The writers of the Psalms wrote about stars using the most up-to-date science of their day. Cutting edge astronomers in Israel in the first millennium BC knew that the stars were created, they had their places, and they (on the whole) kept to those places and danced their set dances every year.

He determines the number of the stars
and calls them each by name.
Great is our Lord and mighty in power;
his understanding has no limit.

Psalm 147: 4-5

There is a wealth of hymns and songs that echo this theme but while science has moved on, the language in the songs hasn’t. I’m not suggesting that we do away with the old hymns, or that we use lyrics that might be divisive in a church context, or even that we tie ourselves in knots with technical jargon (I don’t think I could sing about DNA transcription with a straight face!) But what would it look like if we praised God in song for some of the things we have discovered in the last couple of centuries?

Here is an example of a hymn that uses up to date scientific knowledge, written in 1967 when the space race was at its peak.

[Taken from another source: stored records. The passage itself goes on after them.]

section \<open>The number \<open>\<M>\<^sub>k\<close>\<close>

lemma geometric_sum_nat:
  fixes m :: nat
  assumes "0 < m"
  shows "(m - 1) * (\<Sum>p<k. m ^ p) = m ^ k - 1"
proof -
  obtain m' where m': "m = Suc m'" using assms by (cases m) auto
  have "m' * (\<Sum>p<k. Suc m' ^ p) + 1 = Suc m' ^ k"
    by (induction k) (simp_all add: algebra_simps)
  then show ?thesis using m' by simp
qed

lemma sum_power_min_eq:
  "k \<le> n \<Longrightarrow> (\<Sum>p<n. m ^ min p k) = (\<Sum>p<k. m ^ p) + (n - k) * (m :: nat) ^ k"
proof -
  assume "k \<le> n"
  then have split: "{..<n} = {..<k} \<union> {k..<n}" by auto
  have "(\<Sum>p<n. m ^ min p k) = (\<Sum>p<k. m ^ min p k) + (\<Sum>p\<in>{k..<n}. m ^ min p k)"
    unfolding split by (rule sum.union_disjoint) auto
  also have "(\<Sum>p<k. m ^ min p k) = (\<Sum>p<k. m ^ p)" by (rule sum.cong) auto
  also have "(\<Sum>p\<in>{k..<n}. m ^ min p k) = (n - k) * m ^ k" by simp
  finally show ?thesis .
qed

lemma M_k_eq:
  assumes m: "2 \<le> m" and "k \<le> n"
  shows "(\<Sum>p<n. m ^ min p k) = M_k n m k"
    and "(m - 1) * M_k n m k = (m - 1) * (n - k) * m ^ k + m ^ k - 1"
proof -
  have geom: "(m - 1) * (\<Sum>p<k. m ^ p) = m ^ k - 1" using m by (intro geometric_sum_nat) simp
  have div: "(m ^ k - 1) div (m - 1) = (\<Sum>p<k. m ^ p)" unfolding geom[symmetric] using m by simp
  then show "(\<Sum>p<n. m ^ min p k) = M_k n m k"
    using sum_power_min_eq[OF \<open>k \<le> n\<close>] by (simp add: M_k_def)
  have "(m - 1) * M_k n m k = (m - 1) * ((n - k) * m ^ k) + (m - 1) * (\<Sum>p<k. m ^ p)"
    unfolding M_k_def div by (rule distrib_left)
  also have "\<dots> = (m - 1) * (n - k) * m ^ k + (m ^ k - 1)" unfolding geom by (simp only: mult.assoc)
  finally have "(m - 1) * M_k n m k = (m - 1) * (n - k) * m ^ k + (m ^ k - 1)" .
  moreover have "1 \<le> m ^ k" using m by simp
  then have "(m - 1) * (n - k) * m ^ k + m ^ k - 1 = (m - 1) * (n - k) * m ^ k + (m ^ k - 1)"
    by simp
  ultimately show "(m - 1) * M_k n m k = (m - 1) * (n - k) * m ^ k + m ^ k - 1" by simp
qed

section \<open>Recursive teaching dimension\<close>

lemma TD_le_card: "teaching_set X C c S \<Longrightarrow> TD X C c \<le> card S"
  unfolding TD_def by (rule Least_le) blast

lemma TD_attained:
  assumes "finite X" "c \<in> C" "\<forall>c'\<in>C. c' \<subseteq> X"
  obtains S where "teaching_set X C c S" "card S = TD X C c"
proof -
  have "c' = c" if "c' \<in> C" "\<forall>x\<in>X. x \<in> c' \<longleftrightarrow> x \<in> c" for c'
    using that assms(2,3) by blast
  then have "teaching_set X C c X" using assms(1) by (simp add: teaching_set_def)
  then have "\<exists>t S. teaching_set X C c S \<and> card S = t" by blast
  then have "\<exists>S. teaching_set X C c S \<and> card S = TD X C c" unfolding TD_def by (rule LeastI_ex)
  then show thesis using that by blast
qed

lemma rtd_layer_subset: "rtd_layer X C i \<subseteq> C"
  by (induction i) (auto simp: Let_def)

text \<open>The first layer has minimal teaching dimension \<open>V\<close>, and no later layer exceeds it.\<close>

lemma RTD_eqI:
  assumes X: "finite X" and C: "\<forall>c\<in>C. c \<subseteq> X" "C \<noteq> {}"
    and lower: "\<And>c S. c \<in> C \<Longrightarrow> teaching_set X C c S \<Longrightarrow> V \<le> card S"
    and upper: "\<And>L. L \<subseteq> C \<Longrightarrow> L \<noteq> {} \<Longrightarrow> \<exists>c\<in>L. \<exists>S. teaching_set X L c S \<and> card S \<le> V"
  shows "RTD X C = V"
proof -
  have "C \<subseteq> Pow X" using C(1) by blast
  then have C_fin: "finite C" using X by (simp add: finite_subset)
  have TD_min_le: "TD_min X L \<le> V" if L: "L \<subseteq> C" "L \<noteq> {}" for L
  proof -
    obtain c S where c: "c \<in> L" "teaching_set X L c S" "card S \<le> V" using upper[OF L] by blast
    have "TD_min X L \<le> TD X L c"
      unfolding TD_min_def using c(1) finite_subset[OF L(1) C_fin] by (intro Min_le) auto
    also have "\<dots> \<le> card S" using c(2) by (rule TD_le_card)
    finally show ?thesis using c(3) by simp
  qed
  have V_le_TD: "V \<le> TD X C c" if c: "c \<in> C" for c
  proof -
    obtain S where S: "teaching_set X C c S" "card S = TD X C c" using TD_attained[OF X c C(1)] .
    from lower[OF c S(1)] S(2) show ?thesis by simp
  qed
  have "V \<le> TD_min X C" unfolding TD_min_def using C_fin C(2) V_le_TD by (intro Min.boundedI) auto
  with TD_min_le[OF subset_refl C(2)] have TD_min_C: "TD_min X C = V" by (rule antisym)
  define T where "T = {TD_min X (rtd_layer X C i) | i. rtd_layer X C i \<noteq> {}}"
  have T_le: "t \<le> V" if t: "t \<in> T" for t
  proof -
    obtain i where "t = TD_min X (rtd_layer X C i)" "rtd_layer X C i \<noteq> {}"
      using t unfolding T_def by blast
    then show ?thesis using TD_min_le[OF rtd_layer_subset] by simp
  qed
  then have "finite T" by (meson finite_atMost finite_subset atMost_iff subsetI)
  moreover have "V \<in> T"
    unfolding T_def mem_Collect_eq using TD_min_C C(2) by (intro exI[of _ 0]) simp
  ultimately have "Max T = V" using Max_eqI[of T V] T_le by blast
  then show ?thesis unfolding RTD_def T_def .
qed

locale swap_instance_space =
  fixes n m :: nat and X :: "((nat \<Rightarrow> nat) \<times> (nat \<Rightarrow> nat)) set"
  assumes m_pos: "0 < m" and space: "is_swap_instance_space n m X"
begin

lemma X_subset_swaps: "X \<subseteq> swaps n m"
  using space by (simp add: is_swap_instance_space_def)

lemma finite_X: "finite X"
proof (rule finite_subset)
  show "X \<subseteq> outcomes n m \<times> outcomes n m" using X_subset_swaps by (auto simp: swaps_iff)
  show "finite (outcomes n m \<times> outcomes n m)" using finite_outcomes by simp
qed

lemma X_elem:
  assumes "x \<in> X"
  obtains a b i where "x = (a, b)" "a \<in> outcomes n m" "b \<in> outcomes n m" "i < n" "swap_at i a b"
proof -
  obtain a b where ab: "x = (a, b)" by (cases x)
  then have "(a, b) \<in> swaps n m" using assms X_subset_swaps by blast
  then obtain i where "a \<in> outcomes n m" "b \<in> outcomes n m" "swap_at i a b" by (auto simp: swaps_iff)
  moreover from this have "i < n" by (rule swap_at_less)
  ultimately show thesis using ab that by blast
qed

lemma swap_orientation_cases:
  assumes "c \<in> outcomes n m" "i < n" "p < m" "q < m" "p \<noteq> q"
  obtains "(c(i := p), c(i := q)) \<in> X" | "(c(i := q), c(i := p)) \<in> X"
proof -
  have "(c(i := p), c(i := q)) \<in> swaps n m"
    using outcome_upd[OF assms(1-3)] outcome_upd[OF assms(1,2,4)] swap_at_upd[OF assms(5)]
    unfolding swaps_iff by blast
  then have "(c(i := p), c(i := q)) \<in> X \<or> (c(i := q), c(i := p)) \<in> X"
    using space unfolding is_swap_instance_space_def by blast
  with that show thesis by blast
qed

lemma X_asym: "(a, b) \<in> X \<Longrightarrow> (b, a) \<notin> X"
  using space X_subset_swaps unfolding is_swap_instance_space_def by blast

lemma cp_concept_subset: "cp_concept n m X N \<subseteq> X"
  by (auto simp: cp_concept_def)

lemma ac_net_concept_swap_iff:
  "ac_net n m k N \<Longrightarrow> (a, b) \<in> X \<Longrightarrow> swap_at i a b \<Longrightarrow>
    (a, b) \<in> cp_concept n m X N \<longleftrightarrow> (a i, b i) \<in> local_pref N i a"
  unfolding ac_net_def using cp_concept_swap_iff[OF _ _ X_subset_swaps] by blast

section \<open>Lower bound\<close>

lemma exists_net_transposing_context:
  assumes N: "ac_net n m k N"
    and G: "\<forall>j<n. fst N j \<subseteq> G j \<and> G j \<subseteq> {..<n} - {j} \<and> card (G j) \<le> k"
      "acyclic (parent_graph n G)"
  obtains N' where "ac_net n m k N'"
    and "\<forall>j<n. \<forall>a\<in>outcomes n m. local_pref N' j a =
      (if j = i \<and> restrict a (G i) = \<gamma> then transposed_order {..<m} (local_pref N i a) t
       else local_pref N j a)"
proof -
  have complete: "complete_cpnet n m N" using N by (simp add: ac_net_def)
  define f where "f j \<delta> = snd N j (restrict \<delta> (fst N j))" for j \<delta>
  define f' where "f' j \<delta> =
    (if j = i \<and> \<delta> = \<gamma> then transposed_order {..<m} (f i \<delta>) t else f j \<delta>)" for j \<delta>
  have local_pref_N: "local_pref N j a = f j (restrict a (G j))" if "j < n" for j a
    using G(1) that by (simp add: local_pref_def f_def Int_absorb1)
  have f_order: "f j \<delta> \<subseteq> {..<m} \<times> {..<m} \<and> strict_linear_order_on {..<m} (f j \<delta>)"
    if "j < n" "\<delta> \<in> assignments (G j) m" for j \<delta>
  proof -
    have "restrict \<delta> (fst N j) \<in> assignments (fst N j) m"
      using that G(1) by (auto simp: assignments_def)
    then show ?thesis unfolding f_def by (rule complete_cpnetD(2)[OF complete that(1)])
  qed
  have f'_order: "f' j \<delta> \<subseteq> {..<m} \<times> {..<m} \<and> strict_linear_order_on {..<m} (f' j \<delta>)"
    if j: "j < n" "\<delta> \<in> assignments (G j) m" for j \<delta>
  proof (cases "j = i \<and> \<delta> = \<gamma>")
    case True
    with f_order[OF j] transposed_order[OF finite_lessThan, of "f i \<delta>" m t] show ?thesis
      by (simp add: f'_def)
  next
    case False
    show ?thesis unfolding f'_def if_not_P[OF False] by (rule f_order[OF j])
  qed
  have G_graph: "\<forall>j<n. G j \<subseteq> {..<n} - {j}" "\<forall>j<n. card (G j) \<le> k" using G(1) by blast+
  obtain N' where N': "ac_net n m k N'"
    and local_pref_N': "\<And>j a. j < n \<Longrightarrow> a \<in> outcomes n m \<Longrightarrow> local_pref N' j a = f' j (restrict a (G j))"
    using ac_net_realising_local_orders[where f = f', OF m_pos G_graph(1) G(2) G_graph(2) f'_order] by blast
  show thesis
  proof (rule that[OF N'], intro allI impI ballI)
    fix j a assume ja: "j < n" "a \<in> outcomes n m"
    then show "local_pref N' j a = (if j = i \<and> restrict a (G i) = \<gamma>
      then transposed_order {..<m} (local_pref N i a) t else local_pref N j a)"
      using local_pref_N'[OF ja] local_pref_N[OF ja(1)] by (cases "j = i") (simp_all add: f'_def)
  qed
qed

God, who stretched the spangled heavens,
infinite in time and place,
flung the suns in burning radiance
through the silent fields of space…

We have ventured worlds undreamed of
since the childhood of our race,
known the ecstasy of winging
through untraveled realms of space…

Catherine Arnott Cameron

What would it look like if more writers of worship songs and hymns started to include references to slightly more contemporary science?